SOURCE MATERIAL

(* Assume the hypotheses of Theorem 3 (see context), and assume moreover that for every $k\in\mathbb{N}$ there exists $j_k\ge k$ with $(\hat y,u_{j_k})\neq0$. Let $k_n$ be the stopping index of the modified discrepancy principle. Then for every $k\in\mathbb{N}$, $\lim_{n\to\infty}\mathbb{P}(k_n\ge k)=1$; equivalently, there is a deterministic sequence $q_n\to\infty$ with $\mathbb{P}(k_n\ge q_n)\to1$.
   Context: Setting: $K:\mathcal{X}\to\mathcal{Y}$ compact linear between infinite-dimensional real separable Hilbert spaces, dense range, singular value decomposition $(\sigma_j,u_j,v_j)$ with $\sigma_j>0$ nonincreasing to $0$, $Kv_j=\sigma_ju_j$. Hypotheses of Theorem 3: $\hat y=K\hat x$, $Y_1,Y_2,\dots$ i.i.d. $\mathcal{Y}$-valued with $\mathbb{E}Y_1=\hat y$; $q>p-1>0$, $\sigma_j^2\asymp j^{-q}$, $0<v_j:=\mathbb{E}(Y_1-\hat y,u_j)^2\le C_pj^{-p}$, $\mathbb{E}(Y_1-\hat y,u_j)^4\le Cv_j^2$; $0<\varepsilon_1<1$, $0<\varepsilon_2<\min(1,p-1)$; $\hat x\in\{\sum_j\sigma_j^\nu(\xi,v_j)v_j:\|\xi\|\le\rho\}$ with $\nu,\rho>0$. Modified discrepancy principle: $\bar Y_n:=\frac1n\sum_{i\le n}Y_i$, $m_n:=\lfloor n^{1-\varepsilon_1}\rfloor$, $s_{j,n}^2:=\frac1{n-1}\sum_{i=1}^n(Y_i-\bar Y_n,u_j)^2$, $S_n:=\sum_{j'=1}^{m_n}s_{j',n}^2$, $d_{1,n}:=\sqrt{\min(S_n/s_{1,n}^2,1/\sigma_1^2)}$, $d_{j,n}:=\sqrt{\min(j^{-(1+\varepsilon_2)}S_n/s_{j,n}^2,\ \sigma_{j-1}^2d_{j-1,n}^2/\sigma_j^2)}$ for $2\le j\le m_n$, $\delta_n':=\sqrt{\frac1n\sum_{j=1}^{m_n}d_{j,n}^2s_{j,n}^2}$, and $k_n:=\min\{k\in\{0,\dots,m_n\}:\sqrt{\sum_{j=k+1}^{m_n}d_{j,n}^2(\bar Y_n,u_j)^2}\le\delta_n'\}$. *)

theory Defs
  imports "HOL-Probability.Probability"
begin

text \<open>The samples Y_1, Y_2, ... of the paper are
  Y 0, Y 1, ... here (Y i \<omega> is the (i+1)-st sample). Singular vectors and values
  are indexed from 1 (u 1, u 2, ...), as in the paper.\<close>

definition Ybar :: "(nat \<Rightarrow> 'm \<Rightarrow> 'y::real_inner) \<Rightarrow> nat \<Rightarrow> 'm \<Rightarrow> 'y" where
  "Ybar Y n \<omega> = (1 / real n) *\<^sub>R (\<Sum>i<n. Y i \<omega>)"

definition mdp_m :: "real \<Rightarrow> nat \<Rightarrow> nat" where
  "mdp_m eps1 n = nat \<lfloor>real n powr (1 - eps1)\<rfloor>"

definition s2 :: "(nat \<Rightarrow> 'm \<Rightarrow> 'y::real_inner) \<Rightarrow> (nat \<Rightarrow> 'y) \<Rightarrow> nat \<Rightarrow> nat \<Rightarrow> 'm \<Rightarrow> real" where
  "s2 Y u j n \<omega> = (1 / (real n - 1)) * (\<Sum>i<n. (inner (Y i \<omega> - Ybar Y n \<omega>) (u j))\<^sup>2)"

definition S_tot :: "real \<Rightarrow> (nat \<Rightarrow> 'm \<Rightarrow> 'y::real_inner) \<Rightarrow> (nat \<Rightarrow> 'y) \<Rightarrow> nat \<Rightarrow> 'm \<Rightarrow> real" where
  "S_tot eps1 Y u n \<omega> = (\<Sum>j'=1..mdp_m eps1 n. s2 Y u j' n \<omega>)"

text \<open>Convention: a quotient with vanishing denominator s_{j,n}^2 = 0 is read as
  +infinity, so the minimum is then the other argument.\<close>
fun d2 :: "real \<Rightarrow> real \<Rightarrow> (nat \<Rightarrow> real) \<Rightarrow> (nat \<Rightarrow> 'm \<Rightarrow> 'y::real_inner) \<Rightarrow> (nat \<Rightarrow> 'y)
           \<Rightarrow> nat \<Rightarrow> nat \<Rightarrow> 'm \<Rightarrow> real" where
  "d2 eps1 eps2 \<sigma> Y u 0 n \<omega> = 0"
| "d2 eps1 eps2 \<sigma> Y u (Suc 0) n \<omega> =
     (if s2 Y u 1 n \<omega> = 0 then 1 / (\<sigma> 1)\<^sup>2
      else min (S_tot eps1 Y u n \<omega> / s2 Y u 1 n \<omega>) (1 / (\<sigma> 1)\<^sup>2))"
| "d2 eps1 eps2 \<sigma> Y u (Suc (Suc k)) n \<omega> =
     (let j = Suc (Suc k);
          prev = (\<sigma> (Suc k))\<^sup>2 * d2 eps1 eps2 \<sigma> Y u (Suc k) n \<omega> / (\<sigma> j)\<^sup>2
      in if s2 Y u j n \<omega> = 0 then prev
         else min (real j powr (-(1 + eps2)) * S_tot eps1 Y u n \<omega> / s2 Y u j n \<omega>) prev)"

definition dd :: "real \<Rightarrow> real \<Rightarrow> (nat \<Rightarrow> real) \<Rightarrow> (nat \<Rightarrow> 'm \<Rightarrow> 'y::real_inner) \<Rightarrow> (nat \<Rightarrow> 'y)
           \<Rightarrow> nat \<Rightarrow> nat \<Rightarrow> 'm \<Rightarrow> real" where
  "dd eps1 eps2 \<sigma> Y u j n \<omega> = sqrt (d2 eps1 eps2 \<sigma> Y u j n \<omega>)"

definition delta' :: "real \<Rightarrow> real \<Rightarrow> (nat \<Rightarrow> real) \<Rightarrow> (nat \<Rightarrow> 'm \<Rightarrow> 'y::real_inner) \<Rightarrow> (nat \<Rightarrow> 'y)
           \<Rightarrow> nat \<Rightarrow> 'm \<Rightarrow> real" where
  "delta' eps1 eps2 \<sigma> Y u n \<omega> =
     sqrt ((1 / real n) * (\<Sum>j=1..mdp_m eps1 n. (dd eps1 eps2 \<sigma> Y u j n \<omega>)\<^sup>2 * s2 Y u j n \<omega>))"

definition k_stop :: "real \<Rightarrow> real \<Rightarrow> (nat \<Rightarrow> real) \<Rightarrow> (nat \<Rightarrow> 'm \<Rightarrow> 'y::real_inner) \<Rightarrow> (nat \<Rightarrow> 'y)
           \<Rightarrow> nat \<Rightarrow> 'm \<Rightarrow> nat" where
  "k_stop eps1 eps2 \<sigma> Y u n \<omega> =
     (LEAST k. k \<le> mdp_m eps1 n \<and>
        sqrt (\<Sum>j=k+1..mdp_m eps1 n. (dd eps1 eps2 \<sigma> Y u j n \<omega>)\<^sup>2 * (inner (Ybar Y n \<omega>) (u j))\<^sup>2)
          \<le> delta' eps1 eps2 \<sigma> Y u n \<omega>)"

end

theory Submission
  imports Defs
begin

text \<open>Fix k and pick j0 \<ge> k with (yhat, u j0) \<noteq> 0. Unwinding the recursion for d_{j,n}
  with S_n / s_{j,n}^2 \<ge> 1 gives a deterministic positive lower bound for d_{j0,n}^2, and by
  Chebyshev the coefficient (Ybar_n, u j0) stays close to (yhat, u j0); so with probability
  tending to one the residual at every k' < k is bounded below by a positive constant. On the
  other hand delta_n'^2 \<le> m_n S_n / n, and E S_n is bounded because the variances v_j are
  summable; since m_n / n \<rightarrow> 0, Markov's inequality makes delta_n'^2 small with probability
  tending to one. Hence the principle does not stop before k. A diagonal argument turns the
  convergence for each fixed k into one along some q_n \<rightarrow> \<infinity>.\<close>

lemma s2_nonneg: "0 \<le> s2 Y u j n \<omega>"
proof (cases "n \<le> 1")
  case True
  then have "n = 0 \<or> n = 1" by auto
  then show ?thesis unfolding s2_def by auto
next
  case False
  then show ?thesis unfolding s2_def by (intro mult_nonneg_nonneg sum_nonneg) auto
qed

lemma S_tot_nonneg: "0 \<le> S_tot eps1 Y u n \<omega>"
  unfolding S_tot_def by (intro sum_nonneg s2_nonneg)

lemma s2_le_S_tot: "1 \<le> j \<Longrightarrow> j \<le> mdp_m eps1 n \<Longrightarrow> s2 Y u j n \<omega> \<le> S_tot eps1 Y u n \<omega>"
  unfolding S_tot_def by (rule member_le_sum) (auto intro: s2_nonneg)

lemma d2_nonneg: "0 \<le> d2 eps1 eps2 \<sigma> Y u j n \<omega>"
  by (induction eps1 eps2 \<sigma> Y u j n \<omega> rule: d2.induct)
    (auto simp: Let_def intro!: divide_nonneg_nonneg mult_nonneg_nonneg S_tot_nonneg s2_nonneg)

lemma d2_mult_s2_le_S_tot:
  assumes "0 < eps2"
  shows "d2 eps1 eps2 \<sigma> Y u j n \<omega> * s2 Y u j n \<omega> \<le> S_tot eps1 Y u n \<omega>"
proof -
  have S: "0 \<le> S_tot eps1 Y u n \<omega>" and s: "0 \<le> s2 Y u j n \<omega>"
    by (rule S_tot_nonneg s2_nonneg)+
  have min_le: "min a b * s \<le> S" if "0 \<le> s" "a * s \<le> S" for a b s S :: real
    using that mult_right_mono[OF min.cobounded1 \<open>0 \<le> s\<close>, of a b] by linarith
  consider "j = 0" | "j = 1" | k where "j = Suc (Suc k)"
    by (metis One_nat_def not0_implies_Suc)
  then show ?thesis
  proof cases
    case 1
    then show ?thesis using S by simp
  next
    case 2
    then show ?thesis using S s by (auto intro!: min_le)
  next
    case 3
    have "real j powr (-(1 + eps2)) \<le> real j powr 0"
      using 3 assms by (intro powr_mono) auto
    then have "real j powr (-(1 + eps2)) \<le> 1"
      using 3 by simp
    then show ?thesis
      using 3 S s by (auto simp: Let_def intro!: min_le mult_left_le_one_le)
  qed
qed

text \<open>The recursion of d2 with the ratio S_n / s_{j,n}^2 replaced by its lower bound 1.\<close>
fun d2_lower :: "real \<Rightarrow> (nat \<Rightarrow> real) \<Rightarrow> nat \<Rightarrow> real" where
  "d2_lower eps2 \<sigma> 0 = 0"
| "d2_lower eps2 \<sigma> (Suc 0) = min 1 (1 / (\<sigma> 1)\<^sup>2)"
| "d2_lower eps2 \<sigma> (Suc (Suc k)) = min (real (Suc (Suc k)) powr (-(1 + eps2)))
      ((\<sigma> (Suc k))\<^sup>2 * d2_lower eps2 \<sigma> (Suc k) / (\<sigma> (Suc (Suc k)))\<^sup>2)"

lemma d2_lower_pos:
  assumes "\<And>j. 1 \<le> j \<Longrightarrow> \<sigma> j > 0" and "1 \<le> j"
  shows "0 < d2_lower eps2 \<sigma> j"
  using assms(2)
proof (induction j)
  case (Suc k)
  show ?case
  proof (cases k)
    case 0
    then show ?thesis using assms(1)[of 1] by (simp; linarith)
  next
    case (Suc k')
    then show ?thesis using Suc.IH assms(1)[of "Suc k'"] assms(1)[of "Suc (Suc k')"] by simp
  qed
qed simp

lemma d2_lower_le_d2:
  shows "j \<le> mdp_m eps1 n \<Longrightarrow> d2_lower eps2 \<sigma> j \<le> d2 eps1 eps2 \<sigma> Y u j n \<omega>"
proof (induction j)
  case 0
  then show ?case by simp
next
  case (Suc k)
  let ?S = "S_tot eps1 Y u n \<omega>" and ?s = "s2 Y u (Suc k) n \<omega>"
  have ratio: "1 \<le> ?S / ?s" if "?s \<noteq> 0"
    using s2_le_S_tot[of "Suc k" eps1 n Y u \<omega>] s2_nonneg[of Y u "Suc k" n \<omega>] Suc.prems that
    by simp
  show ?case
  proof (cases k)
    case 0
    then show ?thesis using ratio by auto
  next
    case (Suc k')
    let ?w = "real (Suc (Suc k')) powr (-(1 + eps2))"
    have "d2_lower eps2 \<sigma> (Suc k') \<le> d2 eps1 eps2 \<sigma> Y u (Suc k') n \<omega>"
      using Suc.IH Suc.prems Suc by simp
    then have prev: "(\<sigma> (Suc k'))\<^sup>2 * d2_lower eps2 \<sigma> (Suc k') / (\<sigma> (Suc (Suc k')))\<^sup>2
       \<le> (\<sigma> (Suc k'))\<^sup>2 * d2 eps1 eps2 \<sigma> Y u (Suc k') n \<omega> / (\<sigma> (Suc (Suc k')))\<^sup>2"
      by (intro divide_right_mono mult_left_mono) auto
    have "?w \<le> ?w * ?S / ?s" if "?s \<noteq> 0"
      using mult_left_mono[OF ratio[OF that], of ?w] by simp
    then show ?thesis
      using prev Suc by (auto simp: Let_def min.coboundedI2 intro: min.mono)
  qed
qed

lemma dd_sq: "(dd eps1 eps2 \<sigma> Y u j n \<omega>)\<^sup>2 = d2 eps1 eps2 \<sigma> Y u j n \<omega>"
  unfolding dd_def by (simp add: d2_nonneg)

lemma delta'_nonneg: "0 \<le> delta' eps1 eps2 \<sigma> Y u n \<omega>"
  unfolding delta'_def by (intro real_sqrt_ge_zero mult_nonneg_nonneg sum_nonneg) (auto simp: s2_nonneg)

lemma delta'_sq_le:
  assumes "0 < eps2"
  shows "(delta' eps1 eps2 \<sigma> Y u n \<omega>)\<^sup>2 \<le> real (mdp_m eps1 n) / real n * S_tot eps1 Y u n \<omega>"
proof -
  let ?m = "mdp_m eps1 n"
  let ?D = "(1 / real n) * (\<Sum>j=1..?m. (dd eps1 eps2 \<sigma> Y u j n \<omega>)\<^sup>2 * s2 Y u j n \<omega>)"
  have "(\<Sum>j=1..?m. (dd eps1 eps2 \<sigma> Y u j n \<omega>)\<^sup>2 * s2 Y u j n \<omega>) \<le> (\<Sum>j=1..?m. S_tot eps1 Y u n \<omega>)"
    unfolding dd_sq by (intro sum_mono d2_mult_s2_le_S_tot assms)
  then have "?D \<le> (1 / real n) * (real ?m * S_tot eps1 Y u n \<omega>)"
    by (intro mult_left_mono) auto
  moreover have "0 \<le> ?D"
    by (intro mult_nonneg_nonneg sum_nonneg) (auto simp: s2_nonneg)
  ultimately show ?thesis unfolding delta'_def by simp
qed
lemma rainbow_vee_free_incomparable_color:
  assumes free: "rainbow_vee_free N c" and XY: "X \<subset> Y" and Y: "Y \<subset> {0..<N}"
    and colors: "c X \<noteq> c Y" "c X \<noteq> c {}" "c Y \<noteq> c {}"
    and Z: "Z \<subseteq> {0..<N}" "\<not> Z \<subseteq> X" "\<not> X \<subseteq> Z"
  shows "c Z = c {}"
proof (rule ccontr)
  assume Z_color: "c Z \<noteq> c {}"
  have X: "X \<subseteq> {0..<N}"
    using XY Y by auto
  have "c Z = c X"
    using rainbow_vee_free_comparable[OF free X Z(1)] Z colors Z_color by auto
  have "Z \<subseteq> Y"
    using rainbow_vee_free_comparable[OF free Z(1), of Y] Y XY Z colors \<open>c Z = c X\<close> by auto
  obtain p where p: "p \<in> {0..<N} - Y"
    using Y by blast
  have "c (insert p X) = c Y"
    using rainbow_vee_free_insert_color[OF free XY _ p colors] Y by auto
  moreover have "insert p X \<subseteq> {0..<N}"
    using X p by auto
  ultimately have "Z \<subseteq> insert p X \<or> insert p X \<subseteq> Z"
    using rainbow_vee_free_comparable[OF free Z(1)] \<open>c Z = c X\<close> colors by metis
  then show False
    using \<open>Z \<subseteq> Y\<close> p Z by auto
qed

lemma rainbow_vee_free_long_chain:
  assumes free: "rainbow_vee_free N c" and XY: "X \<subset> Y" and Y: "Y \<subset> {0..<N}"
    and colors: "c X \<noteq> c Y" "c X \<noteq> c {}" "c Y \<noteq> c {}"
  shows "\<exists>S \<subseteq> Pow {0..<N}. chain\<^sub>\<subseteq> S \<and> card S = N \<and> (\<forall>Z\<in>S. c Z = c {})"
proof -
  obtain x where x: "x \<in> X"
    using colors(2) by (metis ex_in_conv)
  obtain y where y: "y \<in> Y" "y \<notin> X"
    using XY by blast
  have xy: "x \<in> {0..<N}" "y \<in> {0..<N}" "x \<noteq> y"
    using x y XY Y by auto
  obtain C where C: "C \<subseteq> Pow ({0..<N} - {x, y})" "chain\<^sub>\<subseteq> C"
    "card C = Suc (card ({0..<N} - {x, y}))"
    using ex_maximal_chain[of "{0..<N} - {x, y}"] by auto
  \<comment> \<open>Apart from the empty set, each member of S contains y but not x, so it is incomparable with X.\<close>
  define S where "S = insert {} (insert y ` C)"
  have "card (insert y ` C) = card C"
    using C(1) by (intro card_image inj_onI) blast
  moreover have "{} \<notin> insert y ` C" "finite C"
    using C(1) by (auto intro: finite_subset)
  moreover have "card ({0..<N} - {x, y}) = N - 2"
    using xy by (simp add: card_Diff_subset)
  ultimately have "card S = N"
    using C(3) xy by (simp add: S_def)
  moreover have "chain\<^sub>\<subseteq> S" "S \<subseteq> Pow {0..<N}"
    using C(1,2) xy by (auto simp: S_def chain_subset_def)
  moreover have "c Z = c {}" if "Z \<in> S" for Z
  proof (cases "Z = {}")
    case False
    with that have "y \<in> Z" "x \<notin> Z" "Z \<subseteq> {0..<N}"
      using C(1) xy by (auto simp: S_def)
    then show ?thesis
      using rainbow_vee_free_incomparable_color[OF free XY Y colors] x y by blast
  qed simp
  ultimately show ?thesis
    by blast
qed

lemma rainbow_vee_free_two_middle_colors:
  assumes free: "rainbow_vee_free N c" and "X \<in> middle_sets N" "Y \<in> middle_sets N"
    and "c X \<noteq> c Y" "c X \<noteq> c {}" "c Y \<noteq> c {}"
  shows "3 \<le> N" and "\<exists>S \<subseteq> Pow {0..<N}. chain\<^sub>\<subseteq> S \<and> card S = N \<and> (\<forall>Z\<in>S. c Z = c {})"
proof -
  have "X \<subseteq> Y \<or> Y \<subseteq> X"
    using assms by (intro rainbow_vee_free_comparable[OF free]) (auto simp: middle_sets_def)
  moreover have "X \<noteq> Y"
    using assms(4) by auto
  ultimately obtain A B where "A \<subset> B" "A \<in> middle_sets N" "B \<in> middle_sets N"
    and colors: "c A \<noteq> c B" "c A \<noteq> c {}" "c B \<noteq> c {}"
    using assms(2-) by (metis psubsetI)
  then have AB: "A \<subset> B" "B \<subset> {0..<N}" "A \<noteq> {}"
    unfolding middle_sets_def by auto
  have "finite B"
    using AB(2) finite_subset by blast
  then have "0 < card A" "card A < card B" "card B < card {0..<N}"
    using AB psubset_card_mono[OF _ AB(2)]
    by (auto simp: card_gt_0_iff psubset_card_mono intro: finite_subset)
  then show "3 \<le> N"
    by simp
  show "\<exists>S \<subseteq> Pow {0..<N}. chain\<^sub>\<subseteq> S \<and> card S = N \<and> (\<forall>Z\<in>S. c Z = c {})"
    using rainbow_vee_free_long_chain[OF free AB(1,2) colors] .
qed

EXERCISE PROMPT
Gather all lines from the records above in which "close" appears.

EXERCISE RESPONSE
  are indexed from 1 (u 1, u 2, ...), as in the paper.\<close>
  +infinity, so the minimum is then the other argument.\<close>
  Chebyshev the coefficient (Ybar_n, u j0) stays close to (yhat, u j0); so with probability
  convergence for each fixed k into one along some q_n \<rightarrow> \<infinity>.\<close>
    using that mult_right_mono[OF min.cobounded1 \<open>0 \<le> s\<close>, of a b] by linarith
text \<open>The recursion of d2 with the ratio S_n / s_{j,n}^2 replaced by its lower bound 1.\<close>
    using rainbow_vee_free_comparable[OF free Z(1), of Y] Y XY Z colors \<open>c Z = c X\<close> by auto
    using rainbow_vee_free_comparable[OF free Z(1)] \<open>c Z = c X\<close> colors by metis
    using \<open>Z \<subseteq> Y\<close> p Z by auto
  \<comment> \<open>Apart from the empty set, each member of S contains y but not x, so it is incomparable with X.\<close>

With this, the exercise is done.